The middle node of a linked list of size n is the ⌊n / 2⌋^th node from the start using 0-based indexing, where ⌊x⌋ denotes the largest integer less than or equal to x.

• For n = 1, 2, 3, 4, and 5, the middle nodes are 0, 1, 1, 2, and 2, respectively.

This is my code

/**
 * Definition for singly-linked list.
 * struct ListNode {
 *     int val;
 *     ListNode *next;
 *     ListNode() : val(0), next(nullptr) {}
 *     ListNode(int x) : val(x), next(nullptr) {}
 *     ListNode(int x, ListNode *next) : val(x), next(next) {}
 * };
 */
class Solution {
public:
    ListNode* deleteMiddle(ListNode* head) {
        
        ListNode *slow = head ;
        ListNode *fast = head ;
        
        
        if(head==NULL){
            return head ;
        } 
        if(head->next == NULL){
            delete head ;
            return head ;
        }
        
        while(fast->next && fast){
            slow = slow->next ;
            fast = fast->next->next ;
        } 
        
        ListNode *temp = head ;
        
        while(temp->next != slow){
            temp=temp->next ;
        } 
        
        
        temp->next = slow->next ;
        delete slow ;
        
        return head ;
        
        
    }
};

I am getting runtime error as follows:

Line 27: Char 21: runtime error: member access within null pointer of type 'ListNode' (solution.cpp)
SUMMARY: UndefinedBehaviorSanitizer: undefined-behavior prog_joined.cpp:36:21 

What am I doing wrong?

Answer 1

There are two issues:

• After delete head you should not do return head as then you return a reference to freed memory, and the testing platform will certainly access that in order to test the result, leading to undefined behavior (or this error you got). Instead, you should return nullptr

• The while condition should first check that fast is not nullptr before checking what fast->next is, so these conditions should appear in reversed order.

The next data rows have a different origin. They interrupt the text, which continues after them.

(* Let $\mathcal H$ be an infinite-dimensional complex Hilbert space and let $\mathcal R_f(\mathcal H)$ be the set of regular forms in $\mathcal V_f(\mathcal H)$. Then $(\mathcal R_f(\mathcal H);\oplus_{|\mathcal R_f(\mathcal H)},o)$ is a generalized effect algebra, but $\mathcal R_f(\mathcal H)$ is not a sub-generalized effect algebra of $(\mathcal V_f(\mathcal H);\oplus,o)$.
   Context: Bilinear forms $t$ on $\mathcal H$ are sesquilinear maps $D(t)\times D(t)\to\mathbb C$ on a dense linear subspace $D(t)$ (linear in the first argument); $t$ is positive if $t(x,x)\ge0$ on $D(t)$, bounded if $\sup\{t(x,x)\mid x\in D(t),\|x\|=1\}<\infty$. The sum $t+s$ has domain $D(t)\cap D(s)$. $o$ is the zero form on $\mathcal H$. $\mathcal V_f(\mathcal H)$ is the set of positive bilinear forms with dense domain such that $D(t)=\mathcal H$ whenever $t$ is bounded; $t\oplus s$ is defined iff $t$ or $s$ is bounded or $D(t)=D(s)$, and then $t\oplus s=t+s$; $(\mathcal V_f(\mathcal H);\oplus,o)$ is a generalized effect algebra. A positive form $t$ is closed if $D(t)$ is a Hilbert space under $(x,y)_t=t(x,y)+(1+m_t)(x,y)$, where $m_t=\inf\{t(x,x)\mid x\in D(t),\|x\|=1\}$; it is closable if it has a closed extension. For a positive form $t$, its regular part $t_r$ is the largest closable positive form with domain $D(t)$ satisfying $t_r(x,x)\le t(x,x)$ for all $x\in D(t)$ (it exists), and its singular part is $t_s=t-t_r$ (a positive form with domain $D(t)$). $t$ is regular if $t_s=0$ and singular if $t_r=0$. A generalized effect algebra is a structure $(E;\oplus,0)$ with a partial operation that is commutative and associative (when one side is defined), has $x\oplus0=x$, is cancellative, and satisfies $x\oplus y=0\Rightarrow x=y=0$. A subset $Q\subseteq E$ is a sub-generalized effect algebra if $0\in Q$ and whenever $x\oplus y=z$ in $E$ with two of $x,y,z$ in $Q$, all three are in $Q$. For $Q\subseteq E$, $x\oplus_{|Q}y$ is defined iff $x\oplus y$ is defined in $E$ and lies in $Q$, and then equals $x\oplus y$. *)

theory Defs
  imports "HOL-Analysis.Analysis"
begin
(* Let $G$, $\widehat{D}$, $\mathcal{C}$, $\mathbf{H}_d$, $\mathcal{P}$, $\boldsymbol{\xi}_N$ be as in the context. If $\widehat{D}$ is chainable and locally linear, then $\boldsymbol{\xi}_N(\mathbf{H})\neq\mathbf{0}$ for every $\mathbf{H}\in G$ with $\mathbf{H}\notin\mathcal{C}\cup\mathcal{P}$.
   Context: $G$ is a connected matrix Lie group of $n\times n$ real matrices, dimension $m$, Lie algebra $\mathfrak{g}$ with fixed basis $\mathbf{E}_1,\dots,\mathbf{E}_m$, $S(\boldsymbol{\zeta})=\sum_k\zeta_k\mathbf{E}_k$. For $f:G\times G\to\mathbb{R}$, $\mathrm{L}_{\mathbf{V}}[f](\mathbf{V},\mathbf{W})\in\mathbb{R}^{1\times m}$ has $j$-th entry $\lim_{\epsilon\to0}\frac1\epsilon(f(\exp(S(\mathbf{e}_j)\epsilon)\mathbf{V},\mathbf{W})-f(\mathbf{V},\mathbf{W}))$, and $\mathrm{L}_{\mathbf{W}}[f]$ analogously; differentiability at a point means these limits exist and are continuous there. An EE-distance function is $\widehat{D}:G\times G\to\mathbb{R}_+$ with: (a) $\widehat{D}\ge0$, $=0$ iff $\mathbf{V}=\mathbf{W}$; (b) differentiable in both arguments almost everywhere, with some $D_{\min,\mathcal{C}}>0$ such that the derivatives exist whenever $0<\widehat{D}<D_{\min,\mathcal{C}}$, and where a partial derivative does not exist all its directional limits exist and are bounded. A path generating function is $\Phi:[0,1]\times G\times G\to G$, differentiable in $\sigma$, with $\Phi(0,\mathbf{V},\mathbf{W})=\mathbf{V}$, $\Phi(1,\mathbf{V},\mathbf{W})=\mathbf{W}$. $\widehat{D}$ is chainable if it is an EE-distance and some path generating function $\Phi$ satisfies $\widehat{D}(\mathbf{V},\mathbf{W})=\widehat{D}(\mathbf{V},\Phi(\sigma,\mathbf{V},\mathbf{W}))+\widehat{D}(\Phi(\sigma,\mathbf{V},\mathbf{W}),\mathbf{W})$ for all $\mathbf{V},\mathbf{W}\in G$, $\sigma\in[0,1]$; it is locally linear if moreover $\lim_{\sigma\to0^+}\frac1\sigma\widehat{D}(\mathbf{A},\Phi(\sigma,\mathbf{A},\mathbf{B}))>0$ for all $\mathbf{A}\neq\mathbf{B}$. $\mathcal{C}$ is the image of a differentiable $\mathbf{H}_d:[0,1]\to G$ without self-intersections. $D(\mathbf{H})\triangleq\min_{s\in[0,1]}\widehat{D}(\mathbf{H},\mathbf{H}_d(s))$. $\mathcal{P}_1$: points where the minimizer is not unique; for $\mathbf{H}\notin\mathcal{P}_1$, $s^*=s^*(\mathbf{H})$ is the unique minimizer. $\mathcal{P}_2$: points $\mathbf{H}\notin\mathcal{P}_1\cup\mathcal{C}$ with $(\mathbf{H},\mathbf{H}_d(s^* ))$ a non-differentiability point of $\widehat{D}$. $\mathcal{P}=\mathcal{P}_1\cup\mathcal{P}_2$. For $\mathbf{H}\notin\mathcal{C}\cup\mathcal{P}$, $\boldsymbol{\xi}_N(\mathbf{H})\triangleq-\mathrm{L}_{\mathbf{V}}[\widehat{D}](\mathbf{H},\mathbf{H}_d(s^* ))^\top$. *)

theory Defs
  imports "HOL-Analysis.Analysis"
begin

definition matpow :: "real^'n^'n \<Rightarrow> nat \<Rightarrow> real^'n^'n" where
  "matpow A k = (((\<lambda>B. A ** B) ^^ k) (mat 1))"

definition mexp :: "real^'n^'n \<Rightarrow> real^'n^'n" where
  "mexp A = (\<Sum>k. (1 / fact k) *\<^sub>R matpow A k)"

definition matrix_lie_group :: "(real^'n^'n) set \<Rightarrow> bool" where
  "matrix_lie_group G \<longleftrightarrow>
     G \<subseteq> {A. invertible A} \<and> mat 1 \<in> G \<and>
     (\<forall>A\<in>G. \<forall>B\<in>G. A ** B \<in> G) \<and> (\<forall>A\<in>G. matrix_inv A \<in> G) \<and>
     closedin (top_of_set {A. invertible A}) G"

With those fixes it will work.

Still, it is a pity that your code needs yet another pointer (temp) to walk through the list in order to find the node that precedes slow. It would be better to make sure slow is pointing to that preceding node to begin with... then you don't need that extra traversal through the list. You can achieve this by giving fast two steps advantage before starting the (first) loop.

Here is the code with the two problems fixed, and with the improvement I mentioned above:

class Solution {
public:
    ListNode* deleteMiddle(ListNode* head) {
        if (head == nullptr) {
            return nullptr;
        }
        
        if (head->next == nullptr) {
            delete head;
            return nullptr; // Don't return a reference to freed memory!
        }

        ListNode *slow = head;
        // Already advance `fast` with 2 steps, 
        //   so `slow` ends up BEFORE the node to delete
        ListNode *fast = head->next->next; 
        
        // First check that the fast pointer is not nullptr before accessing `->next`
        while (fast && fast->next) { 
            slow = slow->next;
            fast = fast->next->next;
        } 
        
        // No need for `temp` when we make sure `slow` is at the preceding spot
        // Reuse `fast` for referencing the node to delete
        fast = slow->next;
        slow->next = fast->next;
        delete fast;
        
        return head;
    }
};